Why use HTML comments for policies instead of a metadata section?

HTML comments are invisible when rendered as Markdown — policies don't clutter the task list in GitHub, VS Code preview, or any Markdown viewer. They're still visible in the raw file, which is what agents and parsers read. Using a visible ## Policies section would add visual noise to a file that should focus on pending work, and would break the ## P0## P3 heading structure.

The policy: prefix inside comments distinguishes actionable directives from freeform notes. Without a prefix, agents would need to guess whether a comment is context ("last reviewed: March") or a rule ("always run tests"). The prefix makes intent explicit.

Why a separate **Blocked** field instead of overloading **Blocked by**?

**Blocked by** references other task IDs. The algorithm for resolution is well-defined: search all TASKS.md files for the referenced IDs, and the task is unblocked when none are found.

External blockers don't fit that model. "Needs user approval", "waiting on a credential from ops", or "agent refused because the action is posting publicly as the user" aren't task IDs and they don't resolve by task completion. Overloading **Blocked by** with free-form text would break tooling that validates blocker references as IDs, and it would make the Blocked by resolution algorithm ambiguous.

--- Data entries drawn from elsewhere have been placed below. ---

(* Let $\mathbf H\in\mathbb R^{n\times n}$ be symmetric positive semidefinite with eigenvalues $\lambda_1(\mathbf H)\ge\dots\ge\lambda_n(\mathbf H)\ge0$, let $\Phi(\mathbf M)=\mathbf M-\frac{\mathbf M^2}{\mathrm{tr}(\mathbf M)}$, and let $q\in[n]$ be arbitrary. Then for every $r\in\mathbb N$, $\lambda_1(\Phi^r(\mathbf H))\le\eta(r)$, where $\eta$ is the decreasing solution of the ordinary differential equation $$\frac{d\eta(t)}{dt}=-\frac{\eta(t)^2}{q\,\eta(t)+\sum_{l=q+1}^n\lambda_l(\mathbf H)},\qquad\eta(0)=\lambda_1(\mathbf H).$$
   Context: $\Phi^r$ denotes the $r$-fold composition of $\Phi$, and $\lambda_1$ the largest eigenvalue. *)

theory Defs
  imports Complex_Main "Jordan_Normal_Form.Char_Poly"
begin

definition psd_mat :: "real mat \<Rightarrow> bool" where
  "psd_mat A \<longleftrightarrow> (\<forall>v \<in> carrier_vec (dim_row A). v \<bullet> (A *\<^sub>v v) \<ge> 0)"

definition lambda_max :: "real mat \<Rightarrow> real" where
  "lambda_max A = Max {k. eigenvalue A k}"

definition mat_trace :: "real mat \<Rightarrow> real" where
  "mat_trace A = (\<Sum>i<dim_row A. A $$ (i, i))"

definition Phi :: "real mat \<Rightarrow> real mat" where
  "Phi M = M - (1 / mat_trace M) \<cdot>\<^sub>m (M * M)"

end

theory Submission
  imports Defs "Jordan_Normal_Form.Schur_Decomposition" "HOL-Analysis.Analysis"
begin

text \<open>
  Triangularise H = P B P^-1 with diagonal lam 1, ..., lam n. Phi is a polynomial in M whose
  only coefficient, 1 / tr M, is a similarity invariant, so Phi^r H = P (Phi^r B) P^-1, and
  Phi^r B stays upper triangular with diagonal evolving by x_i \<mapsto> x_i - x_i^2 / (x_1 + ... + x_n).
  These entries only decrease, so the entries beyond q keep summing to at most
  S = lam (q+1) + ... + lam n, and the trace is at most q m + S, where m is the largest entry.
  As x - x^2 / T increases on [0, T/2], the new largest entry is at most h m, where
  h x = x - x^2 / (q x + S) is eta_step q S.

  On the other side, V = flow_time q S, i.e. V e = S / e - q ln e, satisfies
  V (eta t) = V (eta 0) + t, and the mean value theorem gives V (h a) \<ge> V a + 1. Since V is
  decreasing, h (eta t) \<le> eta (t + 1), and monotonicity of h compares the two recursions
  step by step.
\<close>

section \<open>Phi on triangular matrices\<close>

lemma mat_trace_mult_comm:
  assumes "A \<in> carrier_mat n m" "B \<in> carrier_mat m n"
  shows "mat_trace (A * B) = mat_trace (B * A)"
proof -
  have "mat_trace (A * B) = (\<Sum>i<n. \<Sum>k<m. A $$ (i, k) * B $$ (k, i))"
    using assms by (simp add: mat_trace_def scalar_prod_def atLeast0LessThan)
  also have "\<dots> = (\<Sum>k<m. \<Sum>i<n. B $$ (k, i) * A $$ (i, k))"
    by (subst sum.swap) (simp add: mult.commute)
  also have "\<dots> = mat_trace (B * A)"
    using assms by (simp add: mat_trace_def scalar_prod_def atLeast0LessThan)
  finally show ?thesis .
qed

lemma mat_trace_similar:
  assumes "similar_mat_wit A B P Q"
  shows "mat_trace A = mat_trace B"
proof -
  define n where "n = dim_row A"
  note wit = similar_mat_witD[OF n_def assms]
  have "mat_trace A = mat_trace (B * Q * P)"
    using wit by (simp add: mat_trace_mult_comm[of P n n "B * Q"])
  also have "B * Q * P = B"
    using wit by (simp add: assoc_mult_mat[of B n n Q n P n])
  finally show ?thesis .
qed

lemma similar_mat_wit_minus:
  fixes A :: "'a::comm_ring_1 mat"
  assumes "similar_mat_wit A B P Q" "similar_mat_wit C D P Q"
  shows "similar_mat_wit (A - C) (B - D) P Q"
proof -
  define n where "n = dim_row A"
  note AB = similar_mat_witD[OF n_def assms(1)]
  then have "n = dim_row C"
    using assms(2) unfolding similar_mat_wit_def Let_def by auto
  note CD = similar_mat_witD[OF this assms(2)]
  have "A - C = P * (B - D) * Q"
    using AB CD by (simp add: mult_minus_distrib_mat[of P n n B n D] minus_mult_distrib_mat[of _ n n _ Q n])
  with AB CD show ?thesis
    by (intro similar_mat_witI) auto
qed

lemma similar_mat_wit_mult:
  fixes A :: "'a::comm_ring_1 mat"
  assumes "similar_mat_wit A B P Q" "similar_mat_wit C D P Q"
  shows "similar_mat_wit (A * C) (B * D) P Q"
proof -
  define n where "n = dim_row A"
  note AB = similar_mat_witD[OF n_def assms(1)]
  then have "n = dim_row C"
    using assms(2) unfolding similar_mat_wit_def Let_def by auto
  note CD = similar_mat_witD[OF this assms(2)]
  have QP_cancel: "Q * (P * X) = X" if "X \<in> carrier_mat n n" for X
    using AB that by (simp add: assoc_mult_mat[symmetric, of Q n n P n X n])
  have "A * C = P * (B * D) * Q"
    using AB CD by (simp add: assoc_mult_mat[of _ n n _ n _ n] QP_cancel)
  then show ?thesis
    using AB CD by (intro similar_mat_witI) auto
qed

lemma similar_mat_wit_Phi:
  assumes "similar_mat_wit A B P Q"
  shows "similar_mat_wit (Phi A) (Phi B) P Q"
  unfolding Phi_def mat_trace_similar[OF assms]
  by (intro similar_mat_wit_minus similar_mat_wit_smult similar_mat_wit_mult assms)

lemma similar_mat_wit_funpow_Phi:
  assumes "similar_mat_wit A B P Q"
  shows "similar_mat_wit ((Phi ^^ r) A) ((Phi ^^ r) B) P Q"
  by (induction r) (simp_all add: assms similar_mat_wit_Phi)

A separate **Blocked** field keeps the two concerns distinct:

  • **Blocked by**: auth-fix, rate-limit — task dependency graph, resolved by task completion
  • **Blocked**: needs-user-approval — ... — external constraint, resolved by a human or a different system

Both mark a task as not-pickable. Both can appear on the same task. Linters validate each independently — Blocked by refs must exist, Blocked text must be non-empty.

Why a separate **Research** field instead of appending to **Details**?

**Details** is the author's intent — what the human queuer wanted the task to do. Keeping it clean makes the task queue human-friendly: a reviewer can see what was asked for without wading through agent-generated notes.

**Research** is the agent's accumulated context — read-only findings from codebase exploration, drafted message text, sketched implementation approaches. Separating the two means:

  1. Reviewers can tell at a glance which parts came from a human vs. an agent, and can trust Details as the source of truth for intent.
  2. Agents can confidently overwrite or reorganize their own research over time without risking the author's original wording.
  3. Diffs stay small and focused — "enriched with research notes" commits touch only Research, Last-enriched, and maybe Files/Acceptance appendixes, never Details.
  4. The **Last-enriched** marker is tied naturally to Research — it answers "when did an agent last look at this?" without confusing the author-managed fields.

When the task is unblocked and a developer picks it up, Research is the scratchpad they inherit from the last agent turn; Details is still the crisp brief they were given.

Why not put policies in AGENTS.md instead?

AGENTS.md is for project-wide agent instructions — build commands, code conventions, architecture. Policies in TASKS.md are scoped to the task queue — they guide how agents pick and execute tasks, not how the project works in general. A policy like "P1 tasks require a Jira ticket" belongs with the tasks, not with the build instructions. Teams that want both can: AGENTS.md for project conventions, TASKS.md policies for queue-specific rules.

Spec Versioning

This specification follows Semantic Versioning. From v1.0 onward, all changes are non-breaking and additive — new optional features, new metadata fields, new recommendations. The format of existing TASKS.md files will never be invalidated by a spec update. Full version history is in the git log.